# Internal Architecture

> Overview of datamitsu's internal execution model - file discovery, task planning, parallel execution, and caching

# Internal Architecture

This section explains how datamitsu works under the hood. Understanding the internal execution model helps wrapper maintainers optimize tool configurations and advanced users debug unexpected behavior.

## How It All Fits Together

When you run `datamitsu check`, the system moves through four stages:

```mermaid
graph LR
    A[File Discovery] --> B[Task Planning]
    B --> C[Parallel Execution]
    C --> D[Cache Update]

    style A fill:#e8f4fd,stroke:#2196f3
    style B fill:#fff3e0,stroke:#ff9800
    style C fill:#e8f5e9,stroke:#4caf50
    style D fill:#f3e5f5,stroke:#9c27b0
```

1. **File Discovery** walks the repository tree, respecting `.gitignore` rules, and collects all files that match tool glob patterns.
2. **Task Planning** groups matched files into tasks based on tool priorities, scopes, and project boundaries.

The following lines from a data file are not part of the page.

(* Let $n\ge2$, $1\le i<j\le n$, $\nu>0$, and let $X_{(1)}\le\dots\le X_{(n)}$ be the order statistics of $n$ i.i.d. random variables uniform on $[0,1]$. Then $$\mathbb{E}\big[X_{(i)}^\nu X_{(j)}^\nu\big]=\frac{\Gamma(n+1)\,\Gamma(\nu+1)\,\Gamma(\nu+i)}{\Gamma(i)\,\Gamma(n+1-j)}\sum_{k=0}^{\infty}(-1)^k\frac{\Gamma(n+k+1-j)}{\Gamma(k+1)\,\Gamma(\nu+1-k)\,\Gamma(\nu+n+k+1)},$$ where $1/\Gamma(\nu+1-k)$ is interpreted as $0$ whenever $\nu+1-k$ is a nonpositive integer.
   Context: $\Gamma$ denotes the Euler gamma function. The joint density of $(X_{(i)},X_{(j)})$ for $i<j$ is $\frac{\Gamma(n+1)}{\Gamma(i)\Gamma(j-i)\Gamma(n+1-j)}u^{i-1}(v-u)^{j-i-1}(1-v)^{n-j}$ on $0\le u\le v\le1$. *)

theory Defs
  imports "HOL-Probability.Probability"
begin

definition order_stat :: "nat \<Rightarrow> (nat \<Rightarrow> 'a \<Rightarrow> real) \<Rightarrow> nat \<Rightarrow> 'a \<Rightarrow> real" where
  "order_stat n X r w = sort (map (\<lambda>k. X k w) [1..<n+1]) ! (r - 1)"

end

theory Submission
  imports Defs
begin

text \<open>Fix exponents \<open>a 0, \<dots>, a (n - 1) \<ge> 0\<close> and let \<open>I n t\<close> be the integral of
  \<open>\<Prod>r<n. X\<^sub>(\<^sub>r\<^sub>+\<^sub>1\<^sub>) powr a r\<close> over the event that all \<open>n\<close> uniform samples lie below \<open>t\<close>.
  Splitting this event according to which sample is the largest and integrating that sample
  last gives \<open>I n t = n * \<integral>\<^sub>0\<^sup>t y powr a (n - 1) * I (n - 1) y dy\<close>, hence
  \<open>I n t = C n * t powr E n\<close> with \<open>E m = m + (\<Sum>r<m. a r)\<close> and \<open>C n = (\<Prod>m=1..n. m / E m)\<close>.
  For \<open>a (i - 1) = a (j - 1) = \<nu>\<close> and all other exponents zero this product telescopes to
  \<open>\<Gamma>(n+1) \<Gamma>(\<nu>+i) \<Gamma>(2\<nu>+j) / (\<Gamma>(i) \<Gamma>(\<nu>+j) \<Gamma>(n+1+2\<nu>))\<close>.
  On the other hand, expanding \<open>(1 - t) powr \<nu>\<close> by the binomial series inside
  \<open>B(n+1-j, 2\<nu>+j) = \<integral>\<^sub>0\<^sup>1 t\<^sup>n\<^sup>-\<^sup>j (1-t)\<^sup>2\<^sup>\<nu>\<^sup>+\<^sup>j\<^sup>-\<^sup>1 dt\<close> and integrating termwise (by dominated
  convergence) shows that the series of the theorem sums to
  \<open>B(n+1-j, 2\<nu>+j) / (\<Gamma>(\<nu>+1) \<Gamma>(\<nu>+j))\<close>, which gives the same value.\<close>

section \<open>A binomial series for the Beta function\<close>

lemma gbinomial_Suc_ratio:
  fixes v :: "'a::field_char_0"
  shows "v gchoose (Suc k) = (v gchoose k) * (v - of_nat k) / of_nat (Suc k)"
  using gbinomial_mult_1[of v k] by (simp add: field_simps del: of_nat_Suc)
(* Let $\mathbf{x}\in\mathbb{R}^3\setminus\mathbb{I}$ lie outside the region enclosed by $\mathcal{M}$, and suppose its dispersed projection $\mathbf{s}$ lies in the relative interior of a face $T=(\mathbf{v}_1,\mathbf{v}_2,\mathbf{v}_3)$ of $\mathcal{M}$, with barycentric coordinates $(\alpha_1,\alpha_2,\alpha_3)$ with respect to $T$ (so $\mathbf{s}=\mathbf{s}_T$ is obtained by barycentric interpolated projection with orientation $\sigma=+1$). Let $l=\langle \mathbf{x}-\mathbf{v}_1,\mathbf{n}_T\rangle$ be the distance from $\mathbf{x}$ to the plane of $T$, and let $\mathbf{a}_i=\hat{\mathbf{n}}^{T,+}_i/\langle \hat{\mathbf{n}}^{T,+}_i,\mathbf{n}_T\rangle$. Then $$\mathbf{x}-\mathbf{s}=l\sum_{i=1}^3\alpha_i\,\mathbf{a}_i .$$ Consequently $\mathbf{x}-\mathbf{s}=c\,\mathbf{n}_{\mathbf{s}}$ with $c=\|\mathbf{x}-\mathbf{s}\|>0$, where $\mathbf{n}_{\mathbf{s}}=\mathbf{w}/\|\mathbf{w}\|$, $\mathbf{w}=\sum_i\alpha_i\mathbf{a}_i\neq 0$, is a unit vector depending only on $T$ (with its aligned vertex normals) and the barycentric coordinates of $\mathbf{s}$, and not otherwise on $\mathbf{x}$.
   Context: Let $\mathcal{M}$ be a triangle mesh in $\mathbb{R}^3$ that is watertight (closed, without self-intersections) and has no faces of zero area. Each face $T=(\mathbf{v}_1,\mathbf{v}_2,\mathbf{v}_3)$ has an outward unit face normal $\mathbf{n}_T$; each vertex $\mathbf{v}$ has a unit vertex normal $\mathbf{n}_{\mathbf{v}}$, and for every face $T$ and every vertex $\mathbf{v}$ of $T$, $\langle \mathbf{n}_{\mathbf{v}},\mathbf{n}_T\rangle>0$. Vertex normal alignment of a face $T$ with orientation $\sigma\in\{+1,-1\}$: put $\mathbf{m}_T=\sigma\mathbf{n}_T$; for each $i\in\{1,2,3\}$ let $j,k$ be the other two indices, $\mathbf{e}_1=\mathbf{v}_j-\mathbf{v}_i$, $\mathbf{e}_2=\mathbf{v}_k-\mathbf{v}_i$, $\mathbf{m}_i=\sigma\mathbf{n}_{\mathbf{v}_i}$, write the in-plane part $\mathbf{m}_i-\langle\mathbf{m}_i,\mathbf{m}_T\rangle\mathbf{m}_T=c_1\mathbf{e}_1+c_2\mathbf{e}_2$, and define the aligned normal $\hat{\mathbf{n}}^{T,\sigma}_i=(\mathbf{m}_i-\max(0,c_1)\mathbf{e}_1-\max(0,c_2)\mathbf{e}_2)/\|\mathbf{m}_i-\max(0,c_1)\mathbf{e}_1-\max(0,c_2)\mathbf{e}_2\|$. (Aligned normals depend on the face $T$, not only on the vertex.) Barycentric interpolated projection onto $T$ with orientation $\sigma$: for $\mathbf{x}$ with $l:=\langle\mathbf{x}-\mathbf{v}_1,\sigma\mathbf{n}_T\rangle\ge 0$, set $\mathbf{v}_i'=\mathbf{v}_i+\big(l/\langle\hat{\mathbf{n}}^{T,\sigma}_i,\sigma\mathbf{n}_T\rangle\big)\hat{\mathbf{n}}^{T,\sigma}_i$, forming the parallel triangle $T'=(\mathbf{v}_1',\mathbf{v}_2',\mathbf{v}_3')$ in the plane through $\mathbf{x}$ parallel to $T$. If $\mathbf{x}\in T'$, i.e. $\mathbf{x}=\sum_i\alpha_i\mathbf{v}_i'$ with $\alpha_i\ge0$, $\sum_i\alpha_i=1$, the projection is $\mathbf{s}_T=\sum_i\alpha_i\mathbf{v}_i$. Dispersed projection of $\mathbf{x}$ (with $\sigma=+1$ if $\mathbf{x}$ is outside the region enclosed by $\mathcal{M}$ and $\sigma=-1$ if inside): (1) compute the nearest point $\tilde{\mathbf{s}}$ of $\mathcal{M}$ to $\mathbf{x}$; (2) let $\mathcal{T}$ be the set of faces containing $\tilde{\mathbf{s}}$; (3) apply vertex normal alignment with orientation $\sigma$ to each $T\in\mathcal{T}$; (4) discard those $T$ with $\mathbf{x}\notin T'$; (5) compute $\mathbf{s}_T$ for the remaining $T$; (6) let $\mathbf{s}$ be the $\mathbf{s}_T$ nearest to $\mathbf{x}$. It is assumed that for every $\mathbf{x}\in\mathbb{R}^3$ at least one face survives step (4), so $\mathbf{s}$ is defined. Exceptional set: for a face $T$, orientation $\sigma$, and $\mathbf{a}^{T,\sigma}_i=\hat{\mathbf{n}}^{T,\sigma}_i/\langle\hat{\mathbf{n}}^{T,\sigma}_i,\sigma\mathbf{n}_T\rangle$, let $\mathbb{I}$ be the union over all faces $T$, both $\sigma$, and all pairs of distinct vertices $\mathbf{v}_i,\mathbf{v}_j$ of $T$ of the bilinear surfaces $\{(1-u)\mathbf{v}_i+u\mathbf{v}_j+t((1-u)\mathbf{a}^{T,\sigma}_i+u\mathbf{a}^{T,\sigma}_j): u\in[0,1],t\ge0\}$ (a set of Lebesgue measure zero). *)

theory Defs
  imports "HOL-Analysis.Analysis"
begin

type_synonym point = "real^3"
type_synonym face = "point \<times> point \<times> point"

text \<open>Vertex i (i = 1,2,3) of a face; indices outside 1..3 default to the third vertex.\<close>
definition vtx :: "face \<Rightarrow> nat \<Rightarrow> point" where
  "vtx T i = (case T of (a, b, c) \<Rightarrow> if i = 1 then a else if i = 2 then b else c)"

definition nxt :: "nat \<Rightarrow> nat" where
  "nxt i = (if i = 3 then 1 else i + 1)"

definition verts :: "face \<Rightarrow> point set" where
  "verts T = {vtx T 1, vtx T 2, vtx T 3}"

definition tri :: "face \<Rightarrow> point set" where
  "tri T = convex hull (verts T)"

definition msurf :: "face set \<Rightarrow> point set" where
  "msurf F = (\<Union>T\<in>F. tri T)"

text \<open>Watertight: closed (every edge of every face is shared by exactly two faces) and
  without self-intersections (two distinct faces meet exactly in the hull of their common
  vertices).\<close>
definition watertight :: "face set \<Rightarrow> bool" where
  "watertight F \<longleftrightarrow> finite F \<and> F \<noteq> {} \<and>
     (\<forall>T\<in>F. \<forall>i\<in>{1,2,3::nat}.
        card {T'\<in>F. {vtx T i, vtx T (nxt i)} \<subseteq> verts T'} = 2) \<and>
     (\<forall>T\<in>F. \<forall>T'\<in>F. T \<noteq> T' \<longrightarrow> tri T \<inter> tri T' = convex hull (verts T \<inter> verts T'))"

definition nondegenerate :: "face set \<Rightarrow> bool" where
  "nondegenerate F \<longleftrightarrow> (\<forall>T\<in>F. \<not> collinear (verts T))"

definition outward_face_normals :: "face set \<Rightarrow> (face \<Rightarrow> point) \<Rightarrow> bool" where
  "outward_face_normals F nf \<longleftrightarrow> (\<forall>T\<in>F.
     norm (nf T) = 1 \<and>
     nf T \<bullet> (vtx T 2 - vtx T 1) = 0 \<and> nf T \<bullet> (vtx T 3 - vtx T 1) = 0 \<and>
     (\<forall>p\<in>rel_interior (tri T). \<exists>\<epsilon>>0. \<forall>t. 0 < t \<and> t < \<epsilon> \<longrightarrow>
        p + t *\<^sub>R nf T \<in> outside (msurf F) \<and> p - t *\<^sub>R nf T \<in> inside (msurf F)))"

definition good_vertex_normals :: "face set \<Rightarrow> (face \<Rightarrow> point) \<Rightarrow> (point \<Rightarrow> point) \<Rightarrow> bool" where
  "good_vertex_normals F nf nv \<longleftrightarrow>
     (\<forall>T\<in>F. \<forall>v\<in>verts T. norm (nv v) = 1 \<and> nv v \<bullet> nf T > 0)"
(* Let $K$ be an imaginary quadratic field, let $f\ge1$, and let $A=\mathbb{C}/\mathcal{O}_f\times\mathbb{C}/\mathfrak{a}$, where $\mathfrak{a}\subset K$ is a lattice whose conductor divides $f$. If $F\subset A$ is an elliptic curve, then the conductor of $F$ divides $f$.
   Context: $\mathcal{O}_m=\mathbb{Z}+m\mathcal{O}_K$. A lattice in $K$ is a free abelian subgroup of rank 2; its conductor is the $m$ with $\{\alpha\in K:\alpha\mathfrak{a}\subset\mathfrak{a}\}=\mathcal{O}_m$. An elliptic curve $F\subset A$ has CM by $K$, so $F\cong\mathbb{C}/\mathfrak{b}$ for a lattice $\mathfrak{b}\subset K$, and its conductor is that of $\mathfrak{b}$. *)

theory Defs
  imports "HOL-Analysis.Analysis" "HOL-Computational_Algebra.Polynomial"
    "HOL-Computational_Algebra.Squarefree"
begin

definition imag_quad_field :: "int \<Rightarrow> complex set" where
  "imag_quad_field d = {of_rat a + of_rat b * (\<i> * complex_of_real (sqrt (real_of_int d))) | a b. True}"

definition alg_integer :: "complex \<Rightarrow> bool" where
  "alg_integer x \<longleftrightarrow> (\<exists>p :: int poly. lead_coeff p = 1 \<and> poly (map_poly of_int p) x = 0)"

definition ring_of_integers :: "complex set \<Rightarrow> complex set" where
  "ring_of_integers K = {x \<in> K. alg_integer x}"

definition order_of_conductor :: "complex set \<Rightarrow> nat \<Rightarrow> complex set" where
  "order_of_conductor K m = {of_int n + of_nat m * x | n x. x \<in> ring_of_integers K}"

definition lattice_in :: "complex set \<Rightarrow> complex set \<Rightarrow> bool" where
  "lattice_in K L \<longleftrightarrow> (\<exists>w1 w2. w1 \<in> K \<and> w2 \<in> K \<and>
      (\<forall>m n :: int. of_int m * w1 + of_int n * w2 = 0 \<longrightarrow> m = 0 \<and> n = 0) \<and>
      L = {of_int m * w1 + of_int n * w2 | m n :: int. True})"

definition has_conductor :: "complex set \<Rightarrow> complex set \<Rightarrow> nat \<Rightarrow> bool" where
  "has_conductor K L m \<longleftrightarrow> m \<ge> 1 \<and> {\<alpha> \<in> K. \<forall>x \<in> L. \<alpha> * x \<in> L} = order_of_conductor K m"

text \<open>Lattice of C^2 underlying A = C/O_f x C/a.\<close>
definition prod_lattice :: "complex set \<Rightarrow> complex set \<Rightarrow> (complex \<times> complex) set" where
  "prod_lattice L1 L2 = L1 \<times> L2"

text \<open>An elliptic curve F in the complex torus C^2/Lam is the image of a complex line
  W = C v (v nonzero) such that W \<inter> Lam spans W over R (so W/(W \<inter> Lam) is compact).
  Then F is isomorphic to C/b with b = {z. z v \<in> Lam}.\<close>
definition line_lattice :: "(complex \<times> complex) set \<Rightarrow> complex \<times> complex \<Rightarrow> complex set" where
  "line_lattice Lam v = {z. (z * fst v, z * snd v) \<in> Lam}"

definition elliptic_subtorus :: "(complex \<times> complex) set \<Rightarrow> complex \<times> complex \<Rightarrow> bool" where
  "elliptic_subtorus Lam v \<longleftrightarrow> v \<noteq> (0, 0) \<and>
     (\<exists>z1 \<in> line_lattice Lam v. \<exists>z2 \<in> line_lattice Lam v. Im (z2 * cnj z1) \<noteq> 0)"

end

theory Submission
  imports Defs
begin

text \<open>
  Write \<open>v = (v\<^sub>1, v\<^sub>2)\<close>. If \<open>v\<^sub>1 = 0\<close> the curve is \<open>\<complex>/\<aa>\<close>. Otherwise, scaled by \<open>v\<^sub>1\<close>,
  its lattice is \<open>B = {y \<in> \<O>\<^sub>f. y w \<in> \<aa>}\<close> with \<open>w = v\<^sub>2 / v\<^sub>1\<close>, a full-rank subgroup of the
  lattice \<open>\<O>\<^sub>f\<close> and hence itself a lattice. Its multiplier ring contains \<open>\<O>\<^sub>f\<close>, since
  \<open>\<O>\<^sub>f \<subseteq> \<O>\<^sub>m\<close> stabilises \<open>\<aa>\<close> for \<open>m\<close> dividing \<open>f\<close>, and it lies in \<open>\<O>\<^sub>K\<close>, because by
  Cayley--Hamilton every multiplier of a lattice is a root of a monic integer quadratic.
  Finally every additive group between \<open>\<O>\<^sub>f\<close> and \<open>\<O>\<^sub>K = \<int> + \<int>\<omega>\<close> equals \<open>\<int> + g\<int>\<omega>\<close>,
  where \<open>g\<int>\<close> is the group of its \<open>\<omega>\<close>-coordinates, and \<open>g\<close> divides \<open>f\<close>.
\<close>

section \<open>Additive subgroups\<close>

definition add_subgroup :: "'a::ab_group_add set \<Rightarrow> bool" where
  "add_subgroup H \<longleftrightarrow> 0 \<in> H \<and> (\<forall>x\<in>H. \<forall>y\<in>H. x - y \<in> H)"

lemma add_subgroup_0: "add_subgroup H \<Longrightarrow> 0 \<in> H"
  by (simp add: add_subgroup_def)

lemma add_subgroup_diff: "add_subgroup H \<Longrightarrow> x \<in> H \<Longrightarrow> y \<in> H \<Longrightarrow> x - y \<in> H"
  by (simp add: add_subgroup_def)

lemma add_subgroup_uminus: "add_subgroup H \<Longrightarrow> x \<in> H \<Longrightarrow> - x \<in> H"
  using add_subgroup_diff[of H 0 x] add_subgroup_0[of H] by simp

lemma add_subgroup_add: "add_subgroup H \<Longrightarrow> x \<in> H \<Longrightarrow> y \<in> H \<Longrightarrow> x + y \<in> H"
  using add_subgroup_diff[of H x "-y"] add_subgroup_uminus[of H y] by simp

lemma add_subgroup_of_int_mult:
  fixes H :: "'a::ring_1 set"
  assumes "add_subgroup H" "x \<in> H"
  shows "of_int k * x \<in> H"
proof (induction k rule: int_induct[where k = 0])
  case base
  then show ?case using add_subgroup_0[OF assms(1)] by simp
next
  case (step1 i)
  have "of_int (i + 1) * x = of_int i * x + x" by (simp add: algebra_simps)
  then show ?case using add_subgroup_add[OF assms(1) step1(2) assms(2)] by simp
next
  case (step2 i)
  have "of_int (i - 1) * x = of_int i * x - x" by (simp add: algebra_simps)
  then show ?case using add_subgroup_diff[OF assms(1) step2(2) assms(2)] by simp
qed

lemma add_subgroup_sum:
  assumes "add_subgroup H" "finite A" "\<And>i. i \<in> A \<Longrightarrow> f i \<in> H"
  shows "sum f A \<in> H"
  using assms(2,3)
proof (induction A rule: finite_induct)
  case empty
  then show ?case using add_subgroup_0[OF assms(1)] by simp
next
  case (insert a A)
  then show ?case using add_subgroup_add[OF assms(1)] by simp
qed

lemma int_add_subgroup_eq_multiples:
  fixes S :: "int set"
  assumes "add_subgroup S"
  shows "\<exists>g\<ge>0. S = {k * g | k. True}"
proof (cases "\<exists>x\<in>S. x > 0")
  case False
  have "S = {0}"
  proof safe
    fix x assume "x \<in> S"
    then have "\<not> x > 0" "\<not> - x > 0" using False add_subgroup_uminus[OF assms \<open>x \<in> S\<close>] by auto
    then show "x = 0" by linarith
  qed (use add_subgroup_0[OF assms] in auto)
  then show ?thesis by (intro exI[of _ 0]) auto
next
  case True
  define g where "g = int (LEAST n::nat. int n \<in> S \<and> n > 0)"
  obtain x0 where "x0 \<in> S" "x0 > 0" using True by auto
  then have g: "g \<in> S" "g > 0"
    unfolding g_def using LeastI[of "\<lambda>n. int n \<in> S \<and> n > 0" "nat x0"] by auto
  have g_min: "g \<le> y" if "y \<in> S" "y > 0" for y
  proof -
    have "(LEAST n::nat. int n \<in> S \<and> n > 0) \<le> nat y" by (rule Least_le) (use that in auto)
    then show ?thesis unfolding g_def using that by linarith
  qed
  have multiples: "k * g \<in> S" for k
    using add_subgroup_of_int_mult[OF assms g(1), of k] by simp
  have "S = {k * g | k. True}"
  proof (intro set_eqI iffI)
    fix x assume "x \<in> S"
    have "x mod g = x - (x div g) * g" by (simp add: minus_div_mult_eq_mod)
    also have "\<dots> \<in> S" by (rule add_subgroup_diff[OF assms \<open>x \<in> S\<close> multiples])
    finally have "x mod g = 0"
      using g_min[of "x mod g"] g(2) pos_mod_bound[of g x] pos_mod_sign[of g x] by linarith
    then have "x = (x div g) * g" by (metis div_mult_mod_eq add_0_right)
    then show "x \<in> {k * g | k. True}" by blast
  qed (use multiples in auto)
  then show ?thesis using g by (intro exI[of _ g]) auto
qed

section \<open>Lattices\<close>

lemma lattice_in_add_subgroup:
  assumes "lattice_in K L"
  shows "add_subgroup L"
proof -
  obtain w1 w2 where L: "L = {of_int m * w1 + of_int n * w2 | m n :: int. True}"
    using assms unfolding lattice_in_def by blast
  show ?thesis
    unfolding add_subgroup_def
  proof (intro conjI ballI)
    have "0 = of_int (0::int) * w1 + of_int (0::int) * w2" by simp
    then show "0 \<in> L" unfolding L by blast
    fix x y assume "x \<in> L" "y \<in> L"
    then obtain m n m' n' where "x = of_int m * w1 + of_int n * w2" "y = of_int m' * w1 + of_int n' * w2"
      unfolding L by blast
    then have "x - y = of_int (m - m') * w1 + of_int (n - n') * w2" by (simp add: algebra_simps)
    then show "x - y \<in> L" unfolding L by blast
  qed
qed

lemma add_subgroup_first_coords:
  fixes u1 :: "'a::ring_1"
  assumes "add_subgroup H"
  shows "add_subgroup {m. of_int m * u1 \<in> H}"
  unfolding add_subgroup_def
proof (intro conjI ballI; simp)
  show "0 \<in> H" using add_subgroup_0[OF assms] .
  fix x y assume "of_int x * u1 \<in> H" "of_int y * u1 \<in> H"
  from add_subgroup_diff[OF assms this] show "(of_int x - of_int y) * u1 \<in> H"
    by (simp add: algebra_simps)
qed

lemma add_subgroup_second_coords:
  fixes u1 u2 :: "'a::ring_1"
  assumes "add_subgroup H"
  shows "add_subgroup {n. \<exists>m. of_int m * u1 + of_int n * u2 \<in> H}"
  unfolding add_subgroup_def
proof (intro conjI ballI; simp)
  show "\<exists>m. of_int m * u1 \<in> H" using add_subgroup_0[OF assms] by (intro exI[of _ 0]) simp
  fix x y
  assume "\<exists>m. of_int m * u1 + of_int x * u2 \<in> H" "\<exists>m. of_int m * u1 + of_int y * u2 \<in> H"
  then obtain m m' where "of_int m * u1 + of_int x * u2 \<in> H" "of_int m' * u1 + of_int y * u2 \<in> H"
    by blast
  from add_subgroup_diff[OF assms this]
  have "of_int (m - m') * u1 + (of_int x - of_int y) * u2 \<in> H" by (simp add: algebra_simps)
  then show "\<exists>m. of_int m * u1 + (of_int x - of_int y) * u2 \<in> H" by blast
qed

lemma add_subgroup_triangular_span:
  fixes u1 u2 :: "'a::comm_ring_1"
  assumes H: "add_subgroup H" "H \<subseteq> {of_int m * u1 + of_int n * u2 | m n. True}"
    and g1: "{m. of_int m * u1 \<in> H} = {k * g1 | k. True}"
    and g2: "{n. \<exists>m. of_int m * u1 + of_int n * u2 \<in> H} = {k * g2 | k. True}"
    and w2: "of_int s * u1 + of_int g2 * u2 \<in> H"
  shows "H = {of_int i * (of_int g1 * u1) + of_int j * (of_int s * u1 + of_int g2 * u2) | i j. True}"
proof (intro set_eqI iffI)
  fix z assume "z \<in> H"
  then obtain m n where z: "z = of_int m * u1 + of_int n * u2" using H(2) by blast
  then have "n \<in> {n. \<exists>m. of_int m * u1 + of_int n * u2 \<in> H}" using \<open>z \<in> H\<close> by blast
  then obtain j where j: "n = j * g2" using g2 by auto
  have "z - of_int j * (of_int s * u1 + of_int g2 * u2) \<in> H"
    by (intro add_subgroup_diff[OF H(1) \<open>z \<in> H\<close>] add_subgroup_of_int_mult[OF H(1) w2])
  moreover have "z - of_int j * (of_int s * u1 + of_int g2 * u2) = of_int (m - j * s) * u1"
    unfolding z j by (simp add: algebra_simps)
  ultimately have "m - j * s \<in> {m. of_int m * u1 \<in> H}" by simp
  then obtain i where "m - j * s = i * g1" using g1 by blast
  then have "m = i * g1 + j * s" by simp
  then have "z = of_int i * (of_int g1 * u1) + of_int j * (of_int s * u1 + of_int g2 * u2)"
    unfolding z j by (simp add: algebra_simps)
  then show "z \<in> {of_int i * (of_int g1 * u1) + of_int j * (of_int s * u1 + of_int g2 * u2) | i j. True}"
    by blast
next
  fix z
  assume "z \<in> {of_int i * (of_int g1 * u1) + of_int j * (of_int s * u1 + of_int g2 * u2) | i j. True}"
  moreover have "of_int g1 * u1 \<in> H" using g1 by force
  ultimately show "z \<in> H"
    using add_subgroup_add[OF H(1)] add_subgroup_of_int_mult[OF H(1)] w2 by blast
qed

Overlapping globs are detected and resolved.
3. **Parallel Execution** runs task groups sequentially by priority level, but tasks within each group run in parallel across available CPU cores.
4. **Cache Update** records results per file so unchanged files are skipped on the next run.

## Why This Matters

**For wrapper maintainers:** Understanding how priorities and overlap detection work lets you write tool configurations that maximize parallelism. Misconfigured priorities can serialize tools that could run in parallel, slowing down CI pipelines.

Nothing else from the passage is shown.